Start of Records for the exercise
definition epistemic_space :: "('e \<Rightarrow> 'p form) \<Rightarrow> bool" where
  "epistemic_space B \<longleftrightarrow>
     (\<forall>E. consistent (B E)) \<and> (\<forall>f. consistent f \<longrightarrow> (\<exists>E. B E \<equiv>\<^sub>P f))"

text \<open>A profile is a partial map from agents (a well-ordered type) to epistemic states,
  whose domain (the society) is finite and nonempty.\<close>
definition profile :: "('a \<rightharpoonup> 'e) \<Rightarrow> bool" where
  "profile \<Phi> \<longleftrightarrow> finite (dom \<Phi>) \<and> dom \<Phi> \<noteq> {}"

definition prof_equiv :: "('a::linorder \<rightharpoonup> 'e) \<Rightarrow> ('a \<rightharpoonup> 'e) \<Rightarrow> bool" where
  "prof_equiv \<Phi> \<Psi> \<longleftrightarrow>
     map (\<lambda>i. the (\<Phi> i)) (sorted_list_of_set (dom \<Phi>)) =
     map (\<lambda>i. the (\<Psi> i)) (sorted_list_of_set (dom \<Psi>))"

definition es_basic_fusion ::
  "('e \<Rightarrow> 'p form) \<Rightarrow> (('a::wellorder \<rightharpoonup> 'e) \<Rightarrow> 'e \<Rightarrow> 'e) \<Rightarrow> bool" where
  "es_basic_fusion B fus \<longleftrightarrow>
     (\<forall>\<Phi> E. profile \<Phi> \<longrightarrow> B (fus \<Phi> E) \<turnstile>\<^sub>P B E) \<and>
     (\<forall>\<Phi> \<Phi>' E E'. profile \<Phi> \<longrightarrow> profile \<Phi>' \<longrightarrow> prof_equiv \<Phi> \<Phi>' \<longrightarrow> B E \<equiv>\<^sub>P B E' \<longrightarrow>
        B (fus \<Phi> E) \<equiv>\<^sub>P B (fus \<Phi>' E')) \<and>
     (\<forall>\<Phi> E E' E''. profile \<Phi> \<longrightarrow> B E \<equiv>\<^sub>P And (B E') (B E'') \<longrightarrow>
        And (B (fus \<Phi> E')) (B E'') \<turnstile>\<^sub>P B (fus \<Phi> E)) \<and>
     (\<forall>\<Phi> E E' E''. profile \<Phi> \<longrightarrow> B E \<equiv>\<^sub>P And (B E') (B E'') \<longrightarrow>
        \<not> (And (B (fus \<Phi> E')) (B E'') \<turnstile>\<^sub>P Bot) \<longrightarrow>
        B (fus \<Phi> E) \<turnstile>\<^sub>P And (B (fus \<Phi> E')) (B E''))"

text \<open>Total preorders on the set of all interpretations; (w, w') \<in> r means w \<succeq> w'.\<close>
definition total_preorder :: "'w rel \<Rightarrow> bool" where
  "total_preorder r \<longleftrightarrow> refl r \<and> trans r \<and> total_on UNIV r"

definition maxs :: "'w set \<Rightarrow> 'w rel \<Rightarrow> 'w set" where
  "maxs C r = {c \<in> C. \<forall>x \<in> C. (c, x) \<in> r}"

definition restr :: "'w rel \<Rightarrow> 'w set \<Rightarrow> 'w rel" (infixl "\<upharpoonleft>" 60) where
  "r \<upharpoonleft> C = r \<inter> (C \<times> C)"

definition represents ::
  "('e \<Rightarrow> 'p form) \<Rightarrow> (('a::wellorder \<rightharpoonup> 'e) \<Rightarrow> 'e \<Rightarrow> 'e)
     \<Rightarrow> (('a \<rightharpoonup> 'e) \<Rightarrow> 'p set rel) \<Rightarrow> bool" where
  "represents B fus R \<longleftrightarrow>
     (\<forall>\<Phi>. profile \<Phi> \<longrightarrow> total_preorder (R \<Phi>)) \<and>
     (\<forall>\<Phi> \<Phi>'. profile \<Phi> \<longrightarrow> profile \<Phi>' \<longrightarrow> prof_equiv \<Phi> \<Phi>' \<longrightarrow> R \<Phi> = R \<Phi>') \<and>
     (\<forall>\<Phi> E. profile \<Phi> \<longrightarrow> models (B (fus \<Phi> E)) = maxs (models (B E)) (R \<Phi>))"

end

theory Submission
  imports Defs
begin

text \<open>On a two-element set the maximal elements of a
  reflexive relation determine its restriction, and every nonempty set of interpretations is the
  set of models of some epistemic state; so comparing fusions on bases with two models is the
  same as comparing the preorders pairwise, while on singleton bases all fusions agree.
  Conversely, the maximal elements on an arbitrary base depend only on these pairwise
  comparisons, which yields (ESF-I).\<close>

fun big_and :: "'p form list \<Rightarrow> 'p form" where
  "big_and [] = Neg Bot"
| "big_and (f # fs) = And f (big_and fs)"

fun big_or :: "'p form list \<Rightarrow> 'p form" where
  "big_or [] = Bot"
| "big_or (f # fs) = Or f (big_or fs)"

lemma models_big_and: "models (big_and fs) = (\<Inter>f\<in>set fs. models f)"
  by (induction fs) auto

lemma models_big_or: "models (big_or fs) = (\<Union>f\<in>set fs. models f)"
  by (induction fs) auto

definition literal :: "'p set \<Rightarrow> 'p \<Rightarrow> 'p form" where
  "literal w p = (if p \<in> w then Atom p else Neg (Atom p))"

lemma models_literal: "v \<in> models (literal w p) \<longleftrightarrow> (p \<in> v \<longleftrightarrow> p \<in> w)"
  by (simp add: literal_def)

lemma exists_formula_with_models:
  fixes S :: "('p::finite) set set"
  shows "\<exists>f. models f = S"
proof -
  obtain ps :: "'p list" where ps: "set ps = UNIV"
    using finite_list[of "UNIV :: 'p set"] by auto
  let ?char = "\<lambda>w. big_and (map (literal w) ps)"
  have char: "models (?char w) = {w}" for w
    by (auto simp: models_big_and models_literal ps)
  obtain ws where ws: "set ws = S"
    using finite_list[of S] by auto
  have "models (big_or (map ?char ws)) = S"
    by (simp add: models_big_or char ws)
  then show ?thesis ..
qed

lemma maxs_restr: "maxs C (r \<upharpoonleft> C) = maxs C r"
  unfolding maxs_def restr_def by blast

lemma maxs_singleton: "refl r \<Longrightarrow> maxs {w} r = {w}"
  unfolding maxs_def by (auto dest: refl_onD)

lemma restr_eq_if_restr_pairs_eq:
  assumes "\<And>w w'. w \<in> C \<Longrightarrow> w' \<in> C \<Longrightarrow> r \<upharpoonleft> {w, w'} = r' \<upharpoonleft> {w, w'}"
  shows "r \<upharpoonleft> C = r' \<upharpoonleft> C"
proof -
  have "(w, w') \<in> r \<longleftrightarrow> (w, w') \<in> r'" if "w \<in> C" "w' \<in> C" for w w'
    using assms[OF that] unfolding restr_def by blast
  then show ?thesis
    unfolding restr_def by auto
qed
End of Records for the exercise
* [What to work on]
For the material above, how many lines contain the word "upharpoonleft"? Only the number should be given.

* [Result for this task]
5